*** Opening Material for the task ***
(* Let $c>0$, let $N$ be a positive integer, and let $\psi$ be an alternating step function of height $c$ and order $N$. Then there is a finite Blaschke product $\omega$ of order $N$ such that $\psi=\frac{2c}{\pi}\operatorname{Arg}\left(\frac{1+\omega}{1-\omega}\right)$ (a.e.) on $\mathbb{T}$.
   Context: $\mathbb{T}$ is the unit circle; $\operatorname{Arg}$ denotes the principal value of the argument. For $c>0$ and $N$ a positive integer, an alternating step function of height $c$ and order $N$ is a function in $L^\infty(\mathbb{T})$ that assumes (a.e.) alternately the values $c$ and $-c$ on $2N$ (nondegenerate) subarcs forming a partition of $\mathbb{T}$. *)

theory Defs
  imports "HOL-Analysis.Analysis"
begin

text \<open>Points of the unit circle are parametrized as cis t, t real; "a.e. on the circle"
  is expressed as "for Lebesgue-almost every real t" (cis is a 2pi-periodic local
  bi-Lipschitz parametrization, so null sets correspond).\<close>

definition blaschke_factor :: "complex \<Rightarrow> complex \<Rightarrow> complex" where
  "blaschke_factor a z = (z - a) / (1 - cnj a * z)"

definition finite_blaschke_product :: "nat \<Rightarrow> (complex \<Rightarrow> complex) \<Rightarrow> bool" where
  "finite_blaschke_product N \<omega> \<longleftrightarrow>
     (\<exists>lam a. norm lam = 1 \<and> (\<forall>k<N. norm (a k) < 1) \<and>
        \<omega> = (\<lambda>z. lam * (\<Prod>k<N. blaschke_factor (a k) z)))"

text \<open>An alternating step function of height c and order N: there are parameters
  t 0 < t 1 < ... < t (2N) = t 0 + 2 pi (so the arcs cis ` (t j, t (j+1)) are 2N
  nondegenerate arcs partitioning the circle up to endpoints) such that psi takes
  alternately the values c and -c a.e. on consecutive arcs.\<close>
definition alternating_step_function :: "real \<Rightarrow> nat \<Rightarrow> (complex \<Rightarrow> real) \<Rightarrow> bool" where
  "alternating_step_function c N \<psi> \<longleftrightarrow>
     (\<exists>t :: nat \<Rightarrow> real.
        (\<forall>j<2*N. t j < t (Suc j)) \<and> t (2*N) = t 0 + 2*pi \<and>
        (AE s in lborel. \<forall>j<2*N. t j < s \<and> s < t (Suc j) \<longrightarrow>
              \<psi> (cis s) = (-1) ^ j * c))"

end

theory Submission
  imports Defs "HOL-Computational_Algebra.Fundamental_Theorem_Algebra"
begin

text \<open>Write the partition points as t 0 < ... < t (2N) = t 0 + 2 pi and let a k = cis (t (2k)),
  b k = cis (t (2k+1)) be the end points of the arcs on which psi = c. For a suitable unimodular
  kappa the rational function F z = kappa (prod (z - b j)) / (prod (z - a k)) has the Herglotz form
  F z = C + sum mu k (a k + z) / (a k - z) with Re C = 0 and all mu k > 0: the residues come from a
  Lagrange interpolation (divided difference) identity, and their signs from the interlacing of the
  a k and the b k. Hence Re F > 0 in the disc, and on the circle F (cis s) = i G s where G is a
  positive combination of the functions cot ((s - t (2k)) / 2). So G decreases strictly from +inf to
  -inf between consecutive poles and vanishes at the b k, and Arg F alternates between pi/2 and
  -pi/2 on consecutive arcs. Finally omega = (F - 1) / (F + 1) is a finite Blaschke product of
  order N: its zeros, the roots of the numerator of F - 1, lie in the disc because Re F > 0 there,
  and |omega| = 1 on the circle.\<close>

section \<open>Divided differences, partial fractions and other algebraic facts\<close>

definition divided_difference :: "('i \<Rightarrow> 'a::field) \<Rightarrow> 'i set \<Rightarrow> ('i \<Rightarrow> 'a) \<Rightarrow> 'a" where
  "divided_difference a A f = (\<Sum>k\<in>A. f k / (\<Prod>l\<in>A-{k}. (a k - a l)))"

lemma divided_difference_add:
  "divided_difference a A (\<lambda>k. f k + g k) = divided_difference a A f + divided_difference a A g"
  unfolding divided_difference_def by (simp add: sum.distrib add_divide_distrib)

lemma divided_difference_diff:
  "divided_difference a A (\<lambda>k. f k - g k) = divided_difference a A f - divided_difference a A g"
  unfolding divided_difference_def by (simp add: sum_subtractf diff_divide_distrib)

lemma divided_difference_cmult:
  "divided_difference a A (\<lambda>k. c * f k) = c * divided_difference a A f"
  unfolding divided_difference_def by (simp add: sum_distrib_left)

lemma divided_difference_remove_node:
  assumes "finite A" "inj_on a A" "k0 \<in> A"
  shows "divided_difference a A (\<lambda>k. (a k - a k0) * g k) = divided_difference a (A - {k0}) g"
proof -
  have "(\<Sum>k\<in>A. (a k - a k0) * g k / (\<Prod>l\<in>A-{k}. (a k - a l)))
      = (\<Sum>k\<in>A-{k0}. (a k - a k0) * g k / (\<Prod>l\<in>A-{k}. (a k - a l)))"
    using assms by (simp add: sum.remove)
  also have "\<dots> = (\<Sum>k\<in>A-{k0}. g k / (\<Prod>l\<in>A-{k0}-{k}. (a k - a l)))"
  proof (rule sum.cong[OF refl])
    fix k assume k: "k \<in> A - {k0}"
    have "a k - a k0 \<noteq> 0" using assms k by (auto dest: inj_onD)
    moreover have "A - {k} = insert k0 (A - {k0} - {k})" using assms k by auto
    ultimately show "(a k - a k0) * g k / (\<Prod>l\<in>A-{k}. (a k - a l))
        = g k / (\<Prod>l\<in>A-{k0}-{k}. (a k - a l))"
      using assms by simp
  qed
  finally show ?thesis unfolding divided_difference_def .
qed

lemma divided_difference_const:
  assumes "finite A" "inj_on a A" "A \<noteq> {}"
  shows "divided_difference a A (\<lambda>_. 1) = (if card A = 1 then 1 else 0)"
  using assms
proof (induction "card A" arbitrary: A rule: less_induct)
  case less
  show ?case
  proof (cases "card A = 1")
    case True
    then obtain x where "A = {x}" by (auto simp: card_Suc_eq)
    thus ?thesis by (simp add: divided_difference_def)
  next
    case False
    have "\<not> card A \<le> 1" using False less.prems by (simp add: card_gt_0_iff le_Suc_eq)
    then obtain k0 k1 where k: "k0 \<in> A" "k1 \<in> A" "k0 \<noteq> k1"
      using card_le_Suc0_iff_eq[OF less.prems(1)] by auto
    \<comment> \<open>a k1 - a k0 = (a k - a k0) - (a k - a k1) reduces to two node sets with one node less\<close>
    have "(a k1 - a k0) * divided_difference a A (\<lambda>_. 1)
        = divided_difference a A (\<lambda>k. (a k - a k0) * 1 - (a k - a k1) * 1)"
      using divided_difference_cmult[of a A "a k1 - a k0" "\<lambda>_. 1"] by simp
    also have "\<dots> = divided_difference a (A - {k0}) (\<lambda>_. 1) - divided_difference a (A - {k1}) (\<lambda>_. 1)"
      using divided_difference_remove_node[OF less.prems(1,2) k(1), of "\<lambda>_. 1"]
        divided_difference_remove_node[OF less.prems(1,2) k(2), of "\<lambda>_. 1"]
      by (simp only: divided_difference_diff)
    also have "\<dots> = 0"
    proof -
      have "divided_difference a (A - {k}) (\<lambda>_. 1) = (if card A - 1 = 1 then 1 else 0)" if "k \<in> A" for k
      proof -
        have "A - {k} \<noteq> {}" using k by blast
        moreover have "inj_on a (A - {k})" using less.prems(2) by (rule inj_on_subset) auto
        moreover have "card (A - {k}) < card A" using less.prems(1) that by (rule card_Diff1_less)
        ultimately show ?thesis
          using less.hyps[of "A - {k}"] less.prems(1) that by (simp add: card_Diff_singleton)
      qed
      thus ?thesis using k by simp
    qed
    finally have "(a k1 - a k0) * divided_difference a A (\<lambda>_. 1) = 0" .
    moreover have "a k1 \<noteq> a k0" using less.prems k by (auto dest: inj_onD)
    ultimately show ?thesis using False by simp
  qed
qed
*** Closing Material for the task ***
*** Opening Material for the task ***
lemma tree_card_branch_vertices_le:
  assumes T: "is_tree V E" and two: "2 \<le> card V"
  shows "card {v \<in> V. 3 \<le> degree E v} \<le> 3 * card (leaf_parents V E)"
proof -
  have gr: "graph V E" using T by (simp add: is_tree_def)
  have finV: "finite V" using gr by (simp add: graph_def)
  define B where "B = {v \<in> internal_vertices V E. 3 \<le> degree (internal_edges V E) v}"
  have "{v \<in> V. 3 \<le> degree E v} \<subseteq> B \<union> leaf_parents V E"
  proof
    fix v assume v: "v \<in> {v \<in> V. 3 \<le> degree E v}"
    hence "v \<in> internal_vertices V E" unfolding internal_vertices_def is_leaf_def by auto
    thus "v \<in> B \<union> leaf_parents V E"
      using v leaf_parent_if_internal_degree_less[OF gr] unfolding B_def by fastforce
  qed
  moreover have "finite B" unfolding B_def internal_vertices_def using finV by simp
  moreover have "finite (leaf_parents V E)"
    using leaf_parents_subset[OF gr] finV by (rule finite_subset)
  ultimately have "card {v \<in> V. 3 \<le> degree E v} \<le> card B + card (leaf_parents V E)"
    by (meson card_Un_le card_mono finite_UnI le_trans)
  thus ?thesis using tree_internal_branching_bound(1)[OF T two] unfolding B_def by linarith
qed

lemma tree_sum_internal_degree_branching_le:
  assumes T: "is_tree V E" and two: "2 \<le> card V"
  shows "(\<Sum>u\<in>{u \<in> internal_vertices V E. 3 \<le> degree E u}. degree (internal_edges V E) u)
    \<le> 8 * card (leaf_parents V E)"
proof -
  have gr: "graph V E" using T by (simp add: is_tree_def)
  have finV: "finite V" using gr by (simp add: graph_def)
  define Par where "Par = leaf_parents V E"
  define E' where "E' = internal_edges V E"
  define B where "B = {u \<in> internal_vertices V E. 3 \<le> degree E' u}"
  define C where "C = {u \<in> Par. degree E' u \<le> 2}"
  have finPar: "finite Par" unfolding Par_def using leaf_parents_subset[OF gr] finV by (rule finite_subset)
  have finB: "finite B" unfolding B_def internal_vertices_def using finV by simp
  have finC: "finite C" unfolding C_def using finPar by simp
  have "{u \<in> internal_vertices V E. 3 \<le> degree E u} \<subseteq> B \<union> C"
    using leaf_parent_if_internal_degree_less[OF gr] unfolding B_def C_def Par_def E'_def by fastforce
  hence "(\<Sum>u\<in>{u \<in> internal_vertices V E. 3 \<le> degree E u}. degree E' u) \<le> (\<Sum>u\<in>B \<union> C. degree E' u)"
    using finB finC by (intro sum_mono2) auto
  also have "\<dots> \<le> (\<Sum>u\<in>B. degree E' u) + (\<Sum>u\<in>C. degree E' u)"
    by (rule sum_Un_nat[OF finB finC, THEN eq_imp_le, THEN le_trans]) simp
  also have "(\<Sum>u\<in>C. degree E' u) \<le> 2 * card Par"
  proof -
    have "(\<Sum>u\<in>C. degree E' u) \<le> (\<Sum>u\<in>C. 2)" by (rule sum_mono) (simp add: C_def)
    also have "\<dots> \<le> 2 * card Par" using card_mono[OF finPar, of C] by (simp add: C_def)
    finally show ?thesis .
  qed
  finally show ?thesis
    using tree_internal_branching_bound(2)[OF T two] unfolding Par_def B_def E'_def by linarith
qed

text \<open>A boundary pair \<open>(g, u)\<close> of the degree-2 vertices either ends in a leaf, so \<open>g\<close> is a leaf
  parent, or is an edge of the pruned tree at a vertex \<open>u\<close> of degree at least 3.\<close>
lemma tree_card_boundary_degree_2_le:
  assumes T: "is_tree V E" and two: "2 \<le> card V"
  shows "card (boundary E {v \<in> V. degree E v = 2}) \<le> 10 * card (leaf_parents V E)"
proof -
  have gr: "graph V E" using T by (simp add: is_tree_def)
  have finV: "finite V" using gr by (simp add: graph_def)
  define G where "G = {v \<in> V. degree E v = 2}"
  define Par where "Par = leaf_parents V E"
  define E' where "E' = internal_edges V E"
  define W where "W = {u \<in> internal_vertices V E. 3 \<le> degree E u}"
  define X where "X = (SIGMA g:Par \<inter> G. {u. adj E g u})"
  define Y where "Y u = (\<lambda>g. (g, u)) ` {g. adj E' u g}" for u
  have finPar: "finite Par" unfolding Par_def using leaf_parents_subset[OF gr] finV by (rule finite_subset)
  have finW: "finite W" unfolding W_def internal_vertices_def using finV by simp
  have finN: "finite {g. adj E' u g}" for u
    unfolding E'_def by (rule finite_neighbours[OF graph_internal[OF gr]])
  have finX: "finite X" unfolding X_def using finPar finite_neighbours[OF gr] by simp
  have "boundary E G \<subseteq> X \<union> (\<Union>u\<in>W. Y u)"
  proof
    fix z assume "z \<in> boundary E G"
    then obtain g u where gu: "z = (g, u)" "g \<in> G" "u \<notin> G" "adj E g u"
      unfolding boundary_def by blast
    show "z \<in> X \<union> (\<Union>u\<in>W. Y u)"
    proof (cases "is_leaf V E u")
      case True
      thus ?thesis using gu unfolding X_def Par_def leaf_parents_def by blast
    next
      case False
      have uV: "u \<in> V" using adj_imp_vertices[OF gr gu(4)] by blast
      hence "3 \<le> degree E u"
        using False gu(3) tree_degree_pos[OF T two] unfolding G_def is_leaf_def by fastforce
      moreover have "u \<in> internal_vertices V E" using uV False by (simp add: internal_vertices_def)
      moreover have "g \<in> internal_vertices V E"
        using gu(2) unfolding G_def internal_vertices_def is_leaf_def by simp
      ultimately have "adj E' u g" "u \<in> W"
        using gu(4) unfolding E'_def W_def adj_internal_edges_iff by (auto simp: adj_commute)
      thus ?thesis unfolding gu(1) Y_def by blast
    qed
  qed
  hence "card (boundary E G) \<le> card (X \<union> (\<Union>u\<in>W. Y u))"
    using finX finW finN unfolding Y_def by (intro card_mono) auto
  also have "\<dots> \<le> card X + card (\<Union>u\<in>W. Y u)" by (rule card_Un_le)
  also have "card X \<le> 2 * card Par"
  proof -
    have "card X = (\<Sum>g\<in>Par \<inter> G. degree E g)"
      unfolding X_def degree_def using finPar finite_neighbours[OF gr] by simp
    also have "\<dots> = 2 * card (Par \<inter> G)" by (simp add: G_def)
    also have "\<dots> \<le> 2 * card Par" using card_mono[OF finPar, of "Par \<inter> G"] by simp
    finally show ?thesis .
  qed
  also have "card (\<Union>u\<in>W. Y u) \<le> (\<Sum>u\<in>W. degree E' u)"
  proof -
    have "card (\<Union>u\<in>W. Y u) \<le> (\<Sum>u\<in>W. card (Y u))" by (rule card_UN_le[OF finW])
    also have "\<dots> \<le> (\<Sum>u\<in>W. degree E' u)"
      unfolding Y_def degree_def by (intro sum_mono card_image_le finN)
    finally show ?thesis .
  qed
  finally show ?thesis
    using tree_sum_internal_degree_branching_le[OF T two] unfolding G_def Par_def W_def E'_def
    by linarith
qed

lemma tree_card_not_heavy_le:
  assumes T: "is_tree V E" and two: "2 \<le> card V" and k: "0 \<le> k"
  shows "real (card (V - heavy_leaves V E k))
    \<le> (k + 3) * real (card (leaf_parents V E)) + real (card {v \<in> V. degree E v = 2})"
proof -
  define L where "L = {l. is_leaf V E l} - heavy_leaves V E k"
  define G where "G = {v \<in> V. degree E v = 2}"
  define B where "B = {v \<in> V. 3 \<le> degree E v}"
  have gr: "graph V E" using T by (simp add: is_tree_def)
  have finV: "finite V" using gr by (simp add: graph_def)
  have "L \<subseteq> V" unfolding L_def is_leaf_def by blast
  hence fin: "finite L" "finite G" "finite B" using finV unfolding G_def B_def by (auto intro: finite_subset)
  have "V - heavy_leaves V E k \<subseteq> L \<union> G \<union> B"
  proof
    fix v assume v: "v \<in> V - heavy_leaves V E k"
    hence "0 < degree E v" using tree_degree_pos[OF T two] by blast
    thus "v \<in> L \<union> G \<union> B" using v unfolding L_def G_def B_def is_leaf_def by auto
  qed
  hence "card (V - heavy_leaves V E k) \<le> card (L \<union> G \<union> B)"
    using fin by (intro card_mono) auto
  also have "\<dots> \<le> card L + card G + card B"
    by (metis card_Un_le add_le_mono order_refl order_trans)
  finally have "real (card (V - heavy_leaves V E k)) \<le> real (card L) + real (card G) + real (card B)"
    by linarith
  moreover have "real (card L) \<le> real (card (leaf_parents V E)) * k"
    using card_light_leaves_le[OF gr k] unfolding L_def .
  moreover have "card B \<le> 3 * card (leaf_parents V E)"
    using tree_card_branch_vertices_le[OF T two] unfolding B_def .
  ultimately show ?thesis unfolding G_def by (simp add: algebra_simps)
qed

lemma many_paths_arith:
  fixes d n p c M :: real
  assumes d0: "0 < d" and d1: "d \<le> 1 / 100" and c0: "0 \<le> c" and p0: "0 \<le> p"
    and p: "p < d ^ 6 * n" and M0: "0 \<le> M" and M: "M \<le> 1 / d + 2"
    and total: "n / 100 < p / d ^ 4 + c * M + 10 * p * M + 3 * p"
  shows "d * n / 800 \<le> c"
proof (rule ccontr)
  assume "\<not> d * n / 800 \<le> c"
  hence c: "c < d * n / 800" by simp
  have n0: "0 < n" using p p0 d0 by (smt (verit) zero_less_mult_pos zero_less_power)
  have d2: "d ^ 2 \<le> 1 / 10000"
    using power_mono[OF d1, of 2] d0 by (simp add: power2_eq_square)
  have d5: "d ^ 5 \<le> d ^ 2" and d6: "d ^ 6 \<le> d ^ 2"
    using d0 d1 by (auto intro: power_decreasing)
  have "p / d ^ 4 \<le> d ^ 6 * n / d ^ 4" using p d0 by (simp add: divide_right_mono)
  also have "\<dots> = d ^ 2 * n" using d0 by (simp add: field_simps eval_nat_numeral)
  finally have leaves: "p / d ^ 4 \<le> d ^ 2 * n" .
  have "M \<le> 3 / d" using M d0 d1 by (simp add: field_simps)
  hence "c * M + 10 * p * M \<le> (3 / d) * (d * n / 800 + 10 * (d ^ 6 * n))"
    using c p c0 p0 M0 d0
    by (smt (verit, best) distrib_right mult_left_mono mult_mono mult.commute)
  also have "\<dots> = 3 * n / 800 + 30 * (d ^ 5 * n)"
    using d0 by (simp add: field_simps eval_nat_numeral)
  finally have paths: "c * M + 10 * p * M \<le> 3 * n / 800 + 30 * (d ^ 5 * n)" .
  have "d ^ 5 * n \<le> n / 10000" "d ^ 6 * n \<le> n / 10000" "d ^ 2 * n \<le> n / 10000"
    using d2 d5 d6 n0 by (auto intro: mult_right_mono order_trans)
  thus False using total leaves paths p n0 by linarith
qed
*** Closing Material for the task ***
Task objective: Filter the entries above down to the lines containing the word "fastforce".

Answer section:
      using v leaf_parent_if_internal_degree_less[OF gr] unfolding B_def by fastforce
    using leaf_parent_if_internal_degree_less[OF gr] unfolding B_def C_def Par_def E'_def by fastforce
        using False gu(3) tree_degree_pos[OF T two] unfolding G_def is_leaf_def by fastforce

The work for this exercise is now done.